Excerpted records:
/---

(* There exists a regular monoid $M$ such that all its Schützenberger groups (equivalently, all its maximal subgroups) are residually finite, and its right action on its $\mathcal{L}$-classes and its left action on its $\mathcal{R}$-classes are residually finite, but $M$ itself is not residually finite.
   Context: A monoid $M$ is regular if for every $x$ there is $y$ with $xyx=x$. Residual finiteness of a monoid: distinct elements are separated by homomorphisms to finite monoids. Green's relations: $x\mathcal{R}y$ iff $xM=yM$, $x\mathcal{L}y$ iff $Mx=My$, $\mathcal{H}=\mathcal{R}\cap\mathcal{L}$. $M$ acts on the right on $M/\mathcal{L}$ by $L_x\cdot m=L_{xm}$ and on the left on $M/\mathcal{R}$ by $m\cdot R_x=R_{mx}$; an action is residually finite if any two distinct points are separated by an action homomorphism onto an action on a finite set. For an $\mathcal{H}$-class $H$, $\mathrm{Stab}(H)=\{s\in M:Hs=H\}$, $\sigma=\{(x,y):hx=hy\ \forall h\in H\}$, and the Schützenberger group is $\Gamma(H)=\mathrm{Stab}(H)/\sigma$. *)

theory Defs
  imports "HOL-Algebra.Group"
begin

definition mon_hom :: "('a, 'c) monoid_scheme \<Rightarrow> ('b, 'd) monoid_scheme \<Rightarrow> ('a \<Rightarrow> 'b) set" where
  "mon_hom M N = {h. h \<in> carrier M \<rightarrow> carrier N \<and>
     (\<forall>x\<in>carrier M. \<forall>y\<in>carrier M. h (x \<otimes>\<^bsub>M\<^esub> y) = h x \<otimes>\<^bsub>N\<^esub> h y) \<and>
     h \<one>\<^bsub>M\<^esub> = \<one>\<^bsub>N\<^esub>}"

definition regular_monoid :: "('a, 'c) monoid_scheme \<Rightarrow> bool" where
  "regular_monoid M \<longleftrightarrow>
     (\<forall>x\<in>carrier M. \<exists>y\<in>carrier M. x \<otimes>\<^bsub>M\<^esub> y \<otimes>\<^bsub>M\<^esub> x = x)"

(* Residual finiteness of a monoid: distinct elements are separated by
   homomorphisms to finite monoids (finite monoids are taken, up to isomorphism,
   with carrier a subset of nat). *)
definition res_finite_monoid :: "('a, 'c) monoid_scheme \<Rightarrow> bool" where
  "res_finite_monoid M \<longleftrightarrow>
     (\<forall>x\<in>carrier M. \<forall>y\<in>carrier M. x \<noteq> y \<longrightarrow>
        (\<exists>(N :: nat monoid) h. monoid N \<and> finite (carrier N) \<and>
            h \<in> mon_hom M N \<and> h x \<noteq> h y))"

definition res_finite_group :: "('a, 'c) monoid_scheme \<Rightarrow> bool" where
  "res_finite_group G \<longleftrightarrow>
     (\<forall>x\<in>carrier G. \<forall>y\<in>carrier G. x \<noteq> y \<longrightarrow>
        (\<exists>(K :: nat monoid) h. group K \<and> finite (carrier K) \<and>
            h \<in> hom G K \<and> h x \<noteq> h y))"

definition Rcl :: "('a, 'c) monoid_scheme \<Rightarrow> 'a \<Rightarrow> 'a set" where
  "Rcl M x = {y \<in> carrier M. (\<lambda>m. y \<otimes>\<^bsub>M\<^esub> m) ` carrier M = (\<lambda>m. x \<otimes>\<^bsub>M\<^esub> m) ` carrier M}"

definition Lcl :: "('a, 'c) monoid_scheme \<Rightarrow> 'a \<Rightarrow> 'a set" where
  "Lcl M x = {y \<in> carrier M. (\<lambda>m. m \<otimes>\<^bsub>M\<^esub> y) ` carrier M = (\<lambda>m. m \<otimes>\<^bsub>M\<^esub> x) ` carrier M}"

\---

What to produce:
Would you please reproduce the records above exactly, only from their first line through the line holding "('b, 'd) monoid_scheme", with both ends included?

Final answer:
(* There exists a regular monoid $M$ such that all its Schützenberger groups (equivalently, all its maximal subgroups) are residually finite, and its right action on its $\mathcal{L}$-classes and its left action on its $\mathcal{R}$-classes are residually finite, but $M$ itself is not residually finite.
   Context: A monoid $M$ is regular if for every $x$ there is $y$ with $xyx=x$. Residual finiteness of a monoid: distinct elements are separated by homomorphisms to finite monoids. Green's relations: $x\mathcal{R}y$ iff $xM=yM$, $x\mathcal{L}y$ iff $Mx=My$, $\mathcal{H}=\mathcal{R}\cap\mathcal{L}$. $M$ acts on the right on $M/\mathcal{L}$ by $L_x\cdot m=L_{xm}$ and on the left on $M/\mathcal{R}$ by $m\cdot R_x=R_{mx}$; an action is residually finite if any two distinct points are separated by an action homomorphism onto an action on a finite set. For an $\mathcal{H}$-class $H$, $\mathrm{Stab}(H)=\{s\in M:Hs=H\}$, $\sigma=\{(x,y):hx=hy\ \forall h\in H\}$, and the Schützenberger group is $\Gamma(H)=\mathrm{Stab}(H)/\sigma$. *)

theory Defs
  imports "HOL-Algebra.Group"
begin

definition mon_hom :: "('a, 'c) monoid_scheme \<Rightarrow> ('b, 'd) monoid_scheme \<Rightarrow> ('a \<Rightarrow> 'b) set" where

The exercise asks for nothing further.